**Data extract**:
****************

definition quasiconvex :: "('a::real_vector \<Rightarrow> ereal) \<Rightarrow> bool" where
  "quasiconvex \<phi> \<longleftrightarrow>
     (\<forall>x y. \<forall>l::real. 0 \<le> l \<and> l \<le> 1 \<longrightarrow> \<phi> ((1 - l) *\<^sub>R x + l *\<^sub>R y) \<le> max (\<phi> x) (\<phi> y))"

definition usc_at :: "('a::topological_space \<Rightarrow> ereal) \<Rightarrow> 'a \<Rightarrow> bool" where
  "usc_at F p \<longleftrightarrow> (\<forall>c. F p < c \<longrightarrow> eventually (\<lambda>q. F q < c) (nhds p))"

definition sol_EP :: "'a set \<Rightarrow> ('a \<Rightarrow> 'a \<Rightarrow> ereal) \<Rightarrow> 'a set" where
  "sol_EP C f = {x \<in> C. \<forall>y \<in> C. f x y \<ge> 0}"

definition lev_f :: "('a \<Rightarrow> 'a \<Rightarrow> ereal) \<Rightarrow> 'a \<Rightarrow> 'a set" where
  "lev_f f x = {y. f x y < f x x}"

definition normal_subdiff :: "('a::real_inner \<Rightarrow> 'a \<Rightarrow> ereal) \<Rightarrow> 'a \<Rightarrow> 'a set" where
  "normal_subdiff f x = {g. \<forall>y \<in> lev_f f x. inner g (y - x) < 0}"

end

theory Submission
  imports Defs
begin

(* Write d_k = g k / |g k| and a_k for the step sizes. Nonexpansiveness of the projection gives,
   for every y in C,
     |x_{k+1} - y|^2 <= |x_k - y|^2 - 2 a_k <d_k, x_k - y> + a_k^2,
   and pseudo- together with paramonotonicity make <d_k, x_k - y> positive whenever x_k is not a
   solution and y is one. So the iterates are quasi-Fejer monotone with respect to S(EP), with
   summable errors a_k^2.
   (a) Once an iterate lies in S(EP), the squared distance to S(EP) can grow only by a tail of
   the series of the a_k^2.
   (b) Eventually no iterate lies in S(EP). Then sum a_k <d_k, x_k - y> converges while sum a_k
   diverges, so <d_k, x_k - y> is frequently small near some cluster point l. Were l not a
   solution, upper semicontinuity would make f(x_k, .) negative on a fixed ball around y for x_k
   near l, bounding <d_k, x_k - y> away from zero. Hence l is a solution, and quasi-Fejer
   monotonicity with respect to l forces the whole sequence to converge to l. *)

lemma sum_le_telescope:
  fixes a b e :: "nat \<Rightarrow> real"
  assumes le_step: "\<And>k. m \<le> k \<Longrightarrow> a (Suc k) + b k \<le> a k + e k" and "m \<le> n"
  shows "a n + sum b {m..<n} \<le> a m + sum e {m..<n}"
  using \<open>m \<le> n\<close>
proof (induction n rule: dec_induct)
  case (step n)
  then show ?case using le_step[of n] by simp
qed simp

****************

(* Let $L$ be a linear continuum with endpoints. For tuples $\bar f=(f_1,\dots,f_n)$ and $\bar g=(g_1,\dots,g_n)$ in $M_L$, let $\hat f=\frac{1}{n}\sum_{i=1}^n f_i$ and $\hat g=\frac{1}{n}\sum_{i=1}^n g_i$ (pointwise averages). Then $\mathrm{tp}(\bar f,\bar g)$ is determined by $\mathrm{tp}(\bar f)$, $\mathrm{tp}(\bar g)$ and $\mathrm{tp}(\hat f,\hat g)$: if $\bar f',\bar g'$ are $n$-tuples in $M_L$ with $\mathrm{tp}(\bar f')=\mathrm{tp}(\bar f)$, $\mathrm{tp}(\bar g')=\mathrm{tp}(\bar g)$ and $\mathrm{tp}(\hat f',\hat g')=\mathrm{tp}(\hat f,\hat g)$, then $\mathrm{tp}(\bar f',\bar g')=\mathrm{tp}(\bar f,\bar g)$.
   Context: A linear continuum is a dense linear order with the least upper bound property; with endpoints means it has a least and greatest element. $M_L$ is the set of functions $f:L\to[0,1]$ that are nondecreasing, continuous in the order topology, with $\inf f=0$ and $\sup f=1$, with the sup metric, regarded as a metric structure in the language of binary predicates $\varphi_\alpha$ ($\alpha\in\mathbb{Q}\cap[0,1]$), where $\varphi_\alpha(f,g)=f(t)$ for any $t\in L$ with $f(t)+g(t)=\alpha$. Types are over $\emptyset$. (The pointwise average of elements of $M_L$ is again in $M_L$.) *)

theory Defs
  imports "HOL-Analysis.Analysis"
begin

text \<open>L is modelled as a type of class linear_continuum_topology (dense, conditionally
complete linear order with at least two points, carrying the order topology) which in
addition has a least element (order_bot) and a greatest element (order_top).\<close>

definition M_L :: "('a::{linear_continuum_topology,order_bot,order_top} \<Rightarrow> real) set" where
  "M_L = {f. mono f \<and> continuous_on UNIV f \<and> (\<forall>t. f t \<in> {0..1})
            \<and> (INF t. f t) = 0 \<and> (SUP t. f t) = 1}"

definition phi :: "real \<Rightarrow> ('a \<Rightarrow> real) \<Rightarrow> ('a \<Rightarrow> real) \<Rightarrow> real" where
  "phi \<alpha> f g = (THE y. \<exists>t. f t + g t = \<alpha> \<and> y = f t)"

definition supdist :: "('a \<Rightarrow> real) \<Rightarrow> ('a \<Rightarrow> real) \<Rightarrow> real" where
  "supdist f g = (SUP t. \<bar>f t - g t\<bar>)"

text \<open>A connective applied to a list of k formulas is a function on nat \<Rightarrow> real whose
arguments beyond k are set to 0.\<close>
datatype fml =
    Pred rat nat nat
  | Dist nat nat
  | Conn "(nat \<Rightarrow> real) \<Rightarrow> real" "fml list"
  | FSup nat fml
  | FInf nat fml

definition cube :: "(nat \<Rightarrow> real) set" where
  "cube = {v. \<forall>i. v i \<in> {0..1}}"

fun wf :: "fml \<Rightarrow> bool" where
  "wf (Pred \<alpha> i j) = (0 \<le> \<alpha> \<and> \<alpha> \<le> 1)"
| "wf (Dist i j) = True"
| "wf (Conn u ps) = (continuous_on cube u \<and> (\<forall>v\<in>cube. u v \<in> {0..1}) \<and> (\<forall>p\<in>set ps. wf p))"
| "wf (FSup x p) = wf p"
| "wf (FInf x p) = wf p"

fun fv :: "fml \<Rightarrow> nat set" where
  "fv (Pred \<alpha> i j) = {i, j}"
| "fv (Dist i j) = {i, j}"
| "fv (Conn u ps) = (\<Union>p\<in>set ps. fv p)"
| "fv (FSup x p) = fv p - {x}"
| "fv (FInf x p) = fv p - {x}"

****************

Could you transcribe the entries above word for word, from the line with "solution and y" down to the line with "(b) Eventually no", keeping both?

   solution and y is one. So the iterates are quasi-Fejer monotone with respect to S(EP), with
   summable errors a_k^2.
   (a) Once an iterate lies in S(EP), the squared distance to S(EP) can grow only by a tail of
   the series of the a_k^2.
   (b) Eventually no iterate lies in S(EP). Then sum a_k <d_k, x_k - y> converges while sum a_k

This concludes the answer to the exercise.